Data for this task:
((
(* Let $n\ge 2$ and let $S$ be an admissible peak set in $S^B_n$. Then $\max\{d_H(\sigma,\rho) : \sigma,\rho\in P^B(S;n)\}=n$.
   Context: $S^B_n$ is the set of bijections $\sigma$ of $\{-n,\dots,-1,1,\dots,n\}$ with $\sigma(-i)=-\sigma(i)$ for all $i$; a signed permutation is written in one-line notation $\sigma(1)\cdots\sigma(n)$. A signed permutation $\sigma$ has a peak at index $i\in\{2,\dots,n-1\}$ if $\sigma(i-1)<\sigma(i)>\sigma(i+1)$ (usual order on integers). $Peak(\sigma)$ is the set of indices where $\sigma$ has a peak, and for $S\subseteq[n]$, $P^B(S;n)=\{\sigma\in S^B_n : Peak(\sigma)=S\}$. $S$ is an admissible peak set if $P^B(S;n)\neq\emptyset$ (equivalently, $S\subseteq\{2,\dots,n-1\}$ and $S$ contains no two consecutive integers). The Hamming metric is $d_H(\sigma,\rho)=|\{i\in[n] : \sigma(i)\neq\rho(i)\}|$. *)

theory Defs
  imports Main
begin

text \<open>Signed permutations of {-n..-1,1..n}, represented as functions int => int
  that are the identity outside this domain.\<close>

definition signed_dom :: "nat \<Rightarrow> int set" where
  "signed_dom n = {i. 1 \<le> \<bar>i\<bar> \<and> \<bar>i\<bar> \<le> int n}"

definition signed_perms :: "nat \<Rightarrow> (int \<Rightarrow> int) set" where
  "signed_perms n = {\<sigma>. bij_betw \<sigma> (signed_dom n) (signed_dom n)
      \<and> (\<forall>i\<in>signed_dom n. \<sigma> (- i) = - \<sigma> i)
      \<and> (\<forall>i. i \<notin> signed_dom n \<longrightarrow> \<sigma> i = i)}"

definition peak_set :: "nat \<Rightarrow> (int \<Rightarrow> int) \<Rightarrow> nat set" where
  "peak_set n \<sigma> = {i. 2 \<le> i \<and> i \<le> n - 1
      \<and> \<sigma> (int i - 1) < \<sigma> (int i) \<and> \<sigma> (int i) > \<sigma> (int i + 1)}"

definition PB :: "nat set \<Rightarrow> nat \<Rightarrow> (int \<Rightarrow> int) set" where
  "PB S n = {\<sigma> \<in> signed_perms n. peak_set n \<sigma> = S}"

definition admissible_peak_set :: "nat set \<Rightarrow> nat \<Rightarrow> bool" where
  "admissible_peak_set S n \<longleftrightarrow> PB S n \<noteq> {}"

definition hamming :: "nat \<Rightarrow> (int \<Rightarrow> int) \<Rightarrow> (int \<Rightarrow> int) \<Rightarrow> nat" where
  "hamming n \<sigma> \<rho> = card {i \<in> {1..n}. \<sigma> (int i) \<noteq> \<rho> (int i)}"

end

theory Submission
  imports Defs
begin

text \<open>Take \<sigma> with peak set S and let V be the set of values \<sigma>(1), ..., \<sigma>(n). Since \<sigma> is a
  signed permutation, V and -V are disjoint sets of the same size. Replacing each value \<sigma>(i)
  by the element of -V of the same rank yields a signed permutation \<rho> whose values at the
  positions 1, ..., n are in the same relative order as those of \<sigma>, so \<rho> has the same peaks;
  and \<rho>(i) lies in -V while \<sigma>(i) lies in V, so \<sigma> and \<rho> differ at every position.\<close>

lemma ex_strict_mono_on_into:
  fixes V :: "'a::linorder set" and W :: "'b::linorder set"
  assumes "finite V" "finite W" "card V = card W"
  obtains f where "f ` V \<subseteq> W" "strict_mono_on V f"
proof
  define ys where "ys = sorted_list_of_set W"
  define rank where "rank v = card {u \<in> V. u < v}" for v
  have ys: "length ys = card W" "sorted_wrt (<) ys" "set ys = W"
    using assms(2) by (simp_all add: ys_def)
  have rank_less: "rank v < card W" if "v \<in> V" for v
  proof -
    have "{u \<in> V. u < v} \<subset> V" using that by auto
    then have "rank v < card V" unfolding rank_def by (rule psubset_card_mono[OF assms(1)])
    with assms(3) show ?thesis by simp
  qed
  have rank_mono: "rank v < rank v'" if "v \<in> V" "v' \<in> V" "v < v'" for v v'
  proof -
    have "{u \<in> V. u < v} \<subset> {u \<in> V. u < v'}" using that by auto
    moreover have "finite {u \<in> V. u < v'}" using assms(1) by simp
    ultimately show ?thesis unfolding rank_def by (simp add: psubset_card_mono)
  qed
  show "(\<lambda>v. ys ! rank v) ` V \<subseteq> W"
  proof (rule image_subsetI)
    fix v assume "v \<in> V"
    then have "rank v < length ys" using rank_less ys(1) by simp
    then show "ys ! rank v \<in> W" using nth_mem ys(3) by blast
  qed
  show "strict_mono_on V (\<lambda>v. ys ! rank v)"
  proof (rule strict_mono_onI)
    fix v v' assume "v \<in> V" "v' \<in> V" "v < v'"
    then have "rank v < rank v'" "rank v' < length ys"
      using rank_mono rank_less ys(1) by simp_all
    then show "ys ! rank v < ys ! rank v'" using sorted_wrt_nth_less ys(2) by blast
  qed
qed

lemma finite_signed_dom: "finite (signed_dom n)"
proof (rule finite_subset)
  show "signed_dom n \<subseteq> {- int n..int n}" unfolding signed_dom_def by auto
qed simp

lemma uminus_in_signed_dom_iff [simp]: "- i \<in> signed_dom n \<longleftrightarrow> i \<in> signed_dom n"
  unfolding signed_dom_def by simp

lemma signed_dom_iff_abs: "i \<in> signed_dom n \<longleftrightarrow> \<bar>i\<bar> \<in> {1..int n}"
  unfolding signed_dom_def by simp

lemma image_disjoint_uminus_if_abs_inj:
  fixes h :: "'a \<Rightarrow> 'b::linordered_idom"
  assumes "inj_on (\<lambda>x. \<bar>h x\<bar>) A" and "\<And>x. x \<in> A \<Longrightarrow> h x \<noteq> 0"
  shows "h ` A \<inter> uminus ` h ` A = {}"
proof (rule ccontr)
  assume "h ` A \<inter> uminus ` h ` A \<noteq> {}"
  then obtain x y where xy: "x \<in> A" "y \<in> A" and eq: "h x = - h y" by blast
  then have "x = y" using inj_onD[OF assms(1)] by simp
  with eq have "h x = 0" by simp
  with assms(2) xy show False by blast
qed

lemma abs_inj_if_image_disjoint_uminus:
  fixes h :: "'a \<Rightarrow> 'b::linordered_idom"
  assumes "inj_on h A" and "h ` A \<inter> uminus ` h ` A = {}"
  shows "inj_on (\<lambda>x. \<bar>h x\<bar>) A"
proof (rule inj_onI)
  fix x y assume xy: "x \<in> A" "y \<in> A" and "\<bar>h x\<bar> = \<bar>h y\<bar>"
  then consider "h x = h y" | "h x = - h y" by linarith
  then show "x = y"
  proof cases
    case 1
    show ?thesis using inj_onD[OF assms(1) 1 xy] .
  next
    case 2
    have "h x \<in> h ` A" using xy(1) by (rule imageI)
    moreover have "h x \<in> uminus ` h ` A" unfolding 2 using xy(2) by (intro imageI)
    ultimately show ?thesis using assms(2) by blast
  qed
qed

lemma signed_perms_in_signed_dom:
  "\<sigma> \<in> signed_perms n \<Longrightarrow> i \<in> signed_dom n \<Longrightarrow> \<sigma> i \<in> signed_dom n"
  unfolding signed_perms_def by (auto dest: bij_betwE)

lemma signed_perms_abs_inj:
  assumes "\<sigma> \<in> signed_perms n"
  shows "inj_on (\<lambda>i. \<bar>\<sigma> i\<bar>) {1..int n}"
proof (rule inj_onI)
  fix i j assume ij: "i \<in> {1..int n}" "j \<in> {1..int n}" and abs_eq: "\<bar>\<sigma> i\<bar> = \<bar>\<sigma> j\<bar>"
  have inj: "inj_on \<sigma> (signed_dom n)" and odd: "\<sigma> (- j) = - \<sigma> j"
    using assms ij unfolding signed_perms_def signed_dom_def by (auto simp: bij_betw_def)
  have "i \<in> signed_dom n" "j \<in> signed_dom n" "- j \<in> signed_dom n"
    using ij unfolding signed_dom_def by auto
  moreover have "\<sigma> i = \<sigma> j \<or> \<sigma> i = \<sigma> (- j)" using abs_eq odd by linarith
  ultimately have "i = j \<or> i = - j" using inj by (auto dest: inj_onD)
  then show "i = j" using ij by auto
qed

lemma signed_perms_image_disjoint_uminus:
  assumes "\<sigma> \<in> signed_perms n"
  shows "\<sigma> ` {1..int n} \<inter> uminus ` \<sigma> ` {1..int n} = {}"
  using signed_perms_abs_inj[OF assms]
proof (rule image_disjoint_uminus_if_abs_inj)
  fix i assume "i \<in> {1..int n}"
  then have "\<sigma> i \<in> signed_dom n"
    using signed_perms_in_signed_dom[OF assms] by (simp add: signed_dom_def)
  then show "\<sigma> i \<noteq> 0" unfolding signed_dom_def by auto
qed

definition signed_extension :: "nat \<Rightarrow> (int \<Rightarrow> int) \<Rightarrow> int \<Rightarrow> int" where
  "signed_extension n g i = (if i \<in> signed_dom n then sgn i * g \<bar>i\<bar> else i)"

lemma signed_extension_pos:
  "i \<in> {1..int n} \<Longrightarrow> signed_extension n g i = g i"
  unfolding signed_extension_def signed_dom_def by simp

lemma signed_extension_in_signed_perms:
  assumes into: "g ` {1..int n} \<subseteq> signed_dom n"
    and abs_inj: "inj_on (\<lambda>i. \<bar>g i\<bar>) {1..int n}"
  shows "signed_extension n g \<in> signed_perms n"
proof -
  let ?\<rho> = "signed_extension n g"
  have g_abs: "g \<bar>i\<bar> \<in> signed_dom n" if "i \<in> signed_dom n" for i
  proof -
    have "\<bar>i\<bar> \<in> {1..int n}" using that signed_dom_iff_abs by blast
    then show ?thesis using into by blast
  qed
  have abs_\<rho>: "\<bar>?\<rho> i\<bar> = \<bar>g \<bar>i\<bar>\<bar>" and \<rho>_nonzero: "?\<rho> i \<noteq> 0"
    if "i \<in> signed_dom n" for i
    using that g_abs[OF that] by (auto simp: signed_extension_def abs_mult sgn_0_0 signed_dom_def)
  have odd: "?\<rho> (- i) = - ?\<rho> i" if "i \<in> signed_dom n" for i
    using that by (simp add: signed_extension_def)
  have into_dom: "?\<rho> ` signed_dom n \<subseteq> signed_dom n"
  proof (rule image_subsetI)
    fix i assume "i \<in> signed_dom n"
    then show "?\<rho> i \<in> signed_dom n"
      using abs_\<rho> g_abs signed_dom_iff_abs by metis
  qed
  have inj: "inj_on ?\<rho> (signed_dom n)"
  proof (rule inj_onI)
    fix i j assume ij: "i \<in> signed_dom n" "j \<in> signed_dom n" and eq: "?\<rho> i = ?\<rho> j"
    then have "\<bar>i\<bar> = \<bar>j\<bar>"
      using abs_\<rho> abs_inj by (metis inj_onD signed_dom_iff_abs)
    then consider "i = j" | "i = - j" by linarith
    then show "i = j"
    proof cases
      case 2
      then have "?\<rho> j = 0" using eq odd[OF ij(2)] by simp
      with \<rho>_nonzero ij show ?thesis by blast
    qed
  qed
  have "bij_betw ?\<rho> (signed_dom n) (signed_dom n)"
    using endo_inj_surj[OF finite_signed_dom into_dom inj] inj by (simp add: bij_betw_def)
  then show ?thesis
    unfolding signed_perms_def using odd by (simp add: signed_extension_def)
qed

lemma peak_set_cong_relative_order:
  assumes "\<And>i j. i \<in> {1..int n} \<Longrightarrow> j \<in> {1..int n} \<Longrightarrow> \<rho> i < \<rho> j \<longleftrightarrow> \<sigma> i < \<sigma> j"
  shows "peak_set n \<rho> = peak_set n \<sigma>"
  unfolding peak_set_def
proof (rule Collect_cong)
  fix i :: nat
  show "(2 \<le> i \<and> i \<le> n - 1 \<and> \<rho> (int i - 1) < \<rho> (int i) \<and> \<rho> (int i + 1) < \<rho> (int i)) \<longleftrightarrow>
        (2 \<le> i \<and> i \<le> n - 1 \<and> \<sigma> (int i - 1) < \<sigma> (int i) \<and> \<sigma> (int i + 1) < \<sigma> (int i))"
    using assms[of "int i - 1" "int i"] assms[of "int i + 1" "int i"] by auto
qed

lemma ex_same_peaks_differing_everywhere:
  assumes \<sigma>: "\<sigma> \<in> signed_perms n"
  obtains \<rho> where "\<rho> \<in> signed_perms n" "peak_set n \<rho> = peak_set n \<sigma>"
    "\<And>i. i \<in> {1..int n} \<Longrightarrow> \<sigma> i \<noteq> \<rho> i"
proof -
  define V where "V = \<sigma> ` {1..int n}"
  have \<sigma>_V: "\<sigma> i \<in> V" if "i \<in> {1..int n}" for i
    using that unfolding V_def by blast
  have V_dom: "V \<subseteq> signed_dom n"
    unfolding V_def using signed_perms_in_signed_dom[OF \<sigma>] by (auto simp: signed_dom_def)
  have V_disjoint: "V \<inter> uminus ` V = {}"
    unfolding V_def by (rule signed_perms_image_disjoint_uminus[OF \<sigma>])
  have "finite V" unfolding V_def by simp
  moreover have "card V = card (uminus ` V)" by (simp add: card_image)
  ultimately obtain f where f_into: "f ` V \<subseteq> uminus ` V" and f_mono: "strict_mono_on V f"
    using ex_strict_mono_on_into[OF _ finite_imageI] by blast
  define g where "g = f \<circ> \<sigma>"
  have g_into: "g ` {1..int n} \<subseteq> uminus ` V"
    using f_into unfolding g_def V_def by (simp add: image_comp)
  moreover have "uminus ` V \<subseteq> signed_dom n" using V_dom by auto
  ultimately have g_dom: "g ` {1..int n} \<subseteq> signed_dom n" by (rule subset_trans)
  have "inj_on \<sigma> {1..int n}"
    using inj_on_imageI2[of abs \<sigma>] signed_perms_abs_inj[OF \<sigma>] by (simp add: comp_def)
  moreover have "inj_on f (\<sigma> ` {1..int n})"
    using strict_mono_on_imp_inj_on[OF f_mono] unfolding V_def .
  ultimately have "inj_on g {1..int n}" unfolding g_def by (rule comp_inj_on)
  moreover have "g ` {1..int n} \<inter> uminus ` g ` {1..int n} = {}"
  proof -
    have "uminus ` g ` {1..int n} \<subseteq> V"
      using image_mono[OF g_into, of uminus] by (simp add: image_image)
    with g_into V_disjoint show ?thesis by blast
  qed
  ultimately have g_abs_inj: "inj_on (\<lambda>i. \<bar>g i\<bar>) {1..int n}"
    by (rule abs_inj_if_image_disjoint_uminus)
  have \<rho>_pos: "signed_extension n g i = f (\<sigma> i)" if "i \<in> {1..int n}" for i
    using signed_extension_pos[OF that] unfolding g_def by simp
  show ?thesis
  proof
    show "signed_extension n g \<in> signed_perms n"
      using signed_extension_in_signed_perms[OF g_dom g_abs_inj] .
    show "peak_set n (signed_extension n g) = peak_set n \<sigma>"
      by (rule peak_set_cong_relative_order)
        (simp add: \<rho>_pos strict_mono_on_less[OF f_mono \<sigma>_V \<sigma>_V])
    show "\<sigma> i \<noteq> signed_extension n g i" if i: "i \<in> {1..int n}" for i
    proof
      assume "\<sigma> i = signed_extension n g i"
      then have "\<sigma> i \<in> V \<inter> uminus ` V"
        using f_into \<sigma>_V[OF i] \<rho>_pos[OF i] by auto
      with V_disjoint show False by simp
    qed
  qed
qed

lemma hamming_le: "hamming n \<sigma> \<rho> \<le> n"
proof -
  have "hamming n \<sigma> \<rho> \<le> card {1..n}"
    unfolding hamming_def by (rule card_mono) auto
  then show ?thesis by simp
qed

lemma hamming_eq_if_differ_everywhere:
  assumes "\<And>i. i \<in> {1..int n} \<Longrightarrow> \<sigma> i \<noteq> \<rho> i"
  shows "hamming n \<sigma> \<rho> = n"
proof -
  have "{i \<in> {1..n}. \<sigma> (int i) \<noteq> \<rho> (int i)} = {1..n}" using assms by auto
  then show ?thesis unfolding hamming_def by simp
qed

theorem theorem4p8:
  fixes n :: nat and S :: "nat set"
  assumes "n \<ge> 2" and "admissible_peak_set S n"
  shows "Max {hamming n \<sigma> \<rho> | \<sigma> \<rho>. \<sigma> \<in> PB S n \<and> \<rho> \<in> PB S n} = n"
proof -
  obtain \<sigma> where \<sigma>: "\<sigma> \<in> signed_perms n" "peak_set n \<sigma> = S"
    using assms(2) unfolding admissible_peak_set_def PB_def by auto
  obtain \<rho> where \<rho>: "\<rho> \<in> signed_perms n" "peak_set n \<rho> = peak_set n \<sigma>"
    and differ: "\<And>i. i \<in> {1..int n} \<Longrightarrow> \<sigma> i \<noteq> \<rho> i"
    using ex_same_peaks_differing_everywhere[OF \<sigma>(1)] by blast
  define M where "M = {hamming n \<sigma> \<rho> | \<sigma> \<rho>. \<sigma> \<in> PB S n \<and> \<rho> \<in> PB S n}"
  have "\<sigma> \<in> PB S n" "\<rho> \<in> PB S n" using \<sigma> \<rho> unfolding PB_def by simp_all
  with hamming_eq_if_differ_everywhere[OF differ] have "n \<in> M" unfolding M_def by force
  moreover have "M \<subseteq> {..n}" unfolding M_def using hamming_le by auto
  moreover have "finite M" using finite_subset[OF calculation(2)] by simp
  ultimately have "Max M = n" by (intro Max_eqI) auto
  then show ?thesis unfolding M_def .
qed

end
lemma card_distinct_triples:
  assumes "finite S"
  shows "card (distinct_triples S) = card S * (card S - 1) * (card S - 2)"
proof -
  have pairs: "card (distinct_pairs (S - {x})) = (card S - 1) * (card S - 2)" if "x \<in> S" for x
  proof -
    have "card (S - {x}) = card S - 1" "card S - 1 - 1 = card S - 2"
      using that assms by (simp_all add: card_Diff_singleton)
    then show ?thesis
      using assms by (simp add: card_distinct_pairs)
  qed
  have "distinct_triples S = (SIGMA x:S. distinct_pairs (S - {x}))"
    by (auto simp: distinct_triples_def distinct_pairs_def)
  moreover have "finite (distinct_pairs (S - {x}))" for x
    by (rule finite_subset[of _ "S \<times> S"]) (auto simp: distinct_pairs_def assms)
  ultimately have "card (distinct_triples S) = (\<Sum>x\<in>S. card (distinct_pairs (S - {x})))"
    using assms by simp
  also have "\<dots> = card S * ((card S - 1) * (card S - 2))"
    using pairs by simp
  finally show ?thesis
    by (simp only: mult.assoc)
qed

lemma monic_cubic_two_roots:
  fixes x y :: "'a::field"
  assumes "x \<noteq> y" "monic_cubic (c0, c1, c2) x = 0" "monic_cubic (c0, c1, c2) y = 0"
  shows "c1 = -(x^2 + x*y + y^2) - c2*(x + y)" "c0 = -(x^3 + c2*x^2 + c1*x)"
proof -
  have "monic_cubic (c0, c1, c2) x - monic_cubic (c0, c1, c2) y
      = (x - y) * (x^2 + x*y + y^2 + c2*(x + y) + c1)"
    by (simp add: monic_cubic_def power2_eq_square power3_eq_cube algebra_simps)
  then have "x^2 + x*y + y^2 + c2*(x + y) + c1 = 0"
    using assms by simp
  then show "c1 = -(x^2 + x*y + y^2) - c2*(x + y)"
    by (simp add: algebra_simps eq_neg_iff_add_eq_0)
  show "c0 = -(x^3 + c2*x^2 + c1*x)"
    using assms(2) by (simp add: monic_cubic_def algebra_simps eq_neg_iff_add_eq_0)
qed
))
What you have to do: Show every line in the listing above that carries the word "define".

Answer section:
  define ys where "ys = sorted_list_of_set W"
  define rank where "rank v = card {u \<in> V. u < v}" for v
  define V where "V = \<sigma> ` {1..int n}"
  define g where "g = f \<circ> \<sigma>"
  define M where "M = {hamming n \<sigma> \<rho> | \<sigma> \<rho>. \<sigma> \<in> PB S n \<and> \<rho> \<in> PB S n}"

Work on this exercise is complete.